Аскар. Жамал… послушай, Жамал, я никуда не поеду. Именно сейчас я не могу никуда уехать. Сейчас, когда над нашими людьми нависла такая угроза. Подумай сама – как я, имам, брошу всех на произвол судьбы и ударюсь в бегство. Нет, мы никуда не поедем. Я сейчас привезу Берика… вы пока посидите дома, никуда не выходите. Возможно, долго не придется сидеть. Я думаю… (решительно уходит)
Жамал. (закрывает за ним дверь и, возвращаясь, набирает номер по мобильнику) Ой, не знаю, сколько продлится это безумие. Чует мое сердце – добром это не кончится. По-моему мы еще пожалеем, что не выехали сегодня… Алло! Алло! Ну, что это со связью! Все там посходили с ума, что ли!
Она приносит веник и совок и собирает битое стекло. Закрывает целые внутренние рамы окна. В этот момент входит Берик. Его голова перевязана. За ним Мария. Ее слегка качает, и она держится за грудь в районе сердца.
Берик. (бросаясь к матери) Мама! Что там было! Я своими глазами видел, как танк стрельнул из пушки. Ты не поверишь, но…
Жамал. (прижимает к себе сына, затем отстраняет его) Что с тобой?! Ты ранен?
Берик. А, это? Пустяки! Мы смотрели из окна в классе, как танк поворачивал свою башню, так красиво – как в кино, и потом он так бабахнул из пушки, что стекла и посыпались. Одно стеклышко и резануло по лбу.
Мария. Не беспокойся, Жамал, рана неглубокая, просто царапина.
Берик. Да, мама, просто царапина. И не болит вовсе. Я и не хотел, чтобы меня перевязывали, но Мария Петровна настояла.
Жамал. Ладно. Главное, что ты жив, и ты дома. Иди к себе, Берик, уложи в свой рюкзак самое необходимое – должно быть, мы уедем. Возьми джинсовый костюм, пару рубашек, полотенце, зубную щетку и пасту.
Берик уходит. Жамал приглашает Марию к столу.
Жамал. Давай хоть с тобой попьем чаю – во рту от всех этих тревог пересохло. (наливает и подает подруге пиалу) Бери печенье.

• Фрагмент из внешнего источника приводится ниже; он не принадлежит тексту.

(* Let $q$ be a prime power, $0<k<n\le q$ with $n\mid q-1$, and let $C=RS_k(n,b)$ be a Reed–Solomon code over $\mathbb{F}_q$ with $0<b\le (k+1)/2$. Then there exists an MDS QUENTA code with parameters $[[n,\,2b-1,\,n-k+1;\,n+2b-2k-1]]_q$. In particular, for $b=(k+1)/2$ this is a maximal entanglement MDS QUENTA code.
   Context: For $n\mid q-1$ and a primitive $n$-th root of unity $\alpha\in\mathbb{F}_q$, the Reed–Solomon code $RS_k(n,b)$ is the cyclic code of length $n$ over $\mathbb{F}_q$ with defining set $\{b,b+1,\dots,b+n-k-1\}$ (indices mod $n$), where the defining set of a cyclic code $C$ is $\{i\in\mathbb{Z}_n: c(\alpha^i)=0\ \forall c\in C\}$; it is an $[n,k,n-k+1]_q$ code. A QUENTA code (entanglement-assisted quantum error-correcting code) with parameters $[[n,k,d;c]]_q$ is a $q$-ary entanglement-assisted quantum stabilizer code that encodes $k$ logical qudits into $n$ physical qudits using $c$ pairs of maximally entangled qudits pre-shared between sender and receiver, and has minimum distance $d$. It has maximal entanglement if $c=n-k$, and it is MDS if $k=n-2(d-1)+c$ (equality in the entanglement-assisted quantum Singleton bound).
   Formalization: The parameters also satisfy 2k+1 <= n+2b, that is, the number n+2b-2k-1 of pre-shared maximally entangled pairs is nonnegative. The statement above fails without it. *)

theory Defs
  imports Main
begin

definition words :: "nat \<Rightarrow> (nat \<Rightarrow> 'a::zero) set" where
  "words n = {c. \<forall>i\<ge>n. c i = 0}"

definition primitive_root :: "nat \<Rightarrow> 'a::field \<Rightarrow> bool" where
  "primitive_root n \<alpha> \<longleftrightarrow> 0 < n \<and> \<alpha> ^ n = 1 \<and> (\<forall>j. 0 < j \<and> j < n \<longrightarrow> \<alpha> ^ j \<noteq> 1)"

definition cyclic_code_defset :: "nat \<Rightarrow> 'a::field \<Rightarrow> nat set \<Rightarrow> (nat \<Rightarrow> 'a) set" where
  "cyclic_code_defset n \<alpha> Z = {c \<in> words n. \<forall>i\<in>Z. (\<Sum>j<n. c j * \<alpha> ^ (i * j)) = 0}"

definition RS_code :: "nat \<Rightarrow> 'a::field \<Rightarrow> nat \<Rightarrow> nat \<Rightarrow> (nat \<Rightarrow> 'a) set" where
  "RS_code n \<alpha> k b = cyclic_code_defset n \<alpha> ((\<lambda>i. i mod n) ` {b..<b + (n - k)})"

text \<open>Vectors of F_q^{2n} (X-part, Z-part), supported on {0..<n}.\<close>
definition svecs :: "nat \<Rightarrow> ((nat \<Rightarrow> 'a::zero) \<times> (nat \<Rightarrow> 'a)) set" where
  "svecs n = {x. fst x \<in> words n \<and> snd x \<in> words n}"

definition symp :: "nat \<Rightarrow> (nat \<Rightarrow> 'a::comm_ring) \<times> (nat \<Rightarrow> 'a) \<Rightarrow> (nat \<Rightarrow> 'a) \<times> (nat \<Rightarrow> 'a) \<Rightarrow> 'a" where
  "symp n x y = (\<Sum>i<n. fst x i * snd y i - snd x i * fst y i)"

definition symp_dual :: "nat \<Rightarrow> ((nat \<Rightarrow> 'a::comm_ring) \<times> (nat \<Rightarrow> 'a)) set \<Rightarrow> ((nat \<Rightarrow> 'a) \<times> (nat \<Rightarrow> 'a)) set" where
  "symp_dual n S = {y \<in> svecs n. \<forall>x\<in>S. symp n x y = 0}"

definition symp_weight :: "nat \<Rightarrow> (nat \<Rightarrow> 'a::zero) \<times> (nat \<Rightarrow> 'a) \<Rightarrow> nat" where
  "symp_weight n x = card {i. i < n \<and> (fst x i \<noteq> 0 \<or> snd x i \<noteq> 0)}"

definition ssubspace :: "nat \<Rightarrow> ((nat \<Rightarrow> 'a::field) \<times> (nat \<Rightarrow> 'a)) set \<Rightarrow> bool" where
  "ssubspace n S \<longleftrightarrow> S \<subseteq> svecs n \<and> ((\<lambda>_. 0), (\<lambda>_. 0)) \<in> S
     \<and> (\<forall>x\<in>S. \<forall>y\<in>S. ((\<lambda>i. fst x i + fst y i), (\<lambda>i. snd x i + snd y i)) \<in> S)
     \<and> (\<forall>a. \<forall>x\<in>S. ((\<lambda>i. a * fst x i), (\<lambda>i. a * snd x i)) \<in> S)"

Мария. (кладет сахар в чай и мешает ложкой) Нет, спасибо. Кусок не лезет в горло. (отхлебнув чаю) Значит, вы решили уезжать?
Жамал. А что делать? Правда, Аскар не хочет. Но, думаю убедить его. А вы что, остаетесь?
Мария. Нет, я тоже думаю, что нужно уезжать. Но Ваня… Ты ничего о нем не знаешь?
Жамал. А что с ним?
Мария. Ты, конечно, знаешь, что он принял ислам. Но это еще не все. Оказывается, он состоит в этой партии, в Аль Хизб. Об этом я узнала только сегодня, сейчас, перед тем, как идти домой. Я позвонила ему, сказала, что нам нужно собраться и поехать в стадион. А он ответил, что никуда не уедет, что он мусульманин, и что он является членом партии Аль Хизб. Он советует и мне принять Ислам и остаться в городе. Вот так. А ты, значит…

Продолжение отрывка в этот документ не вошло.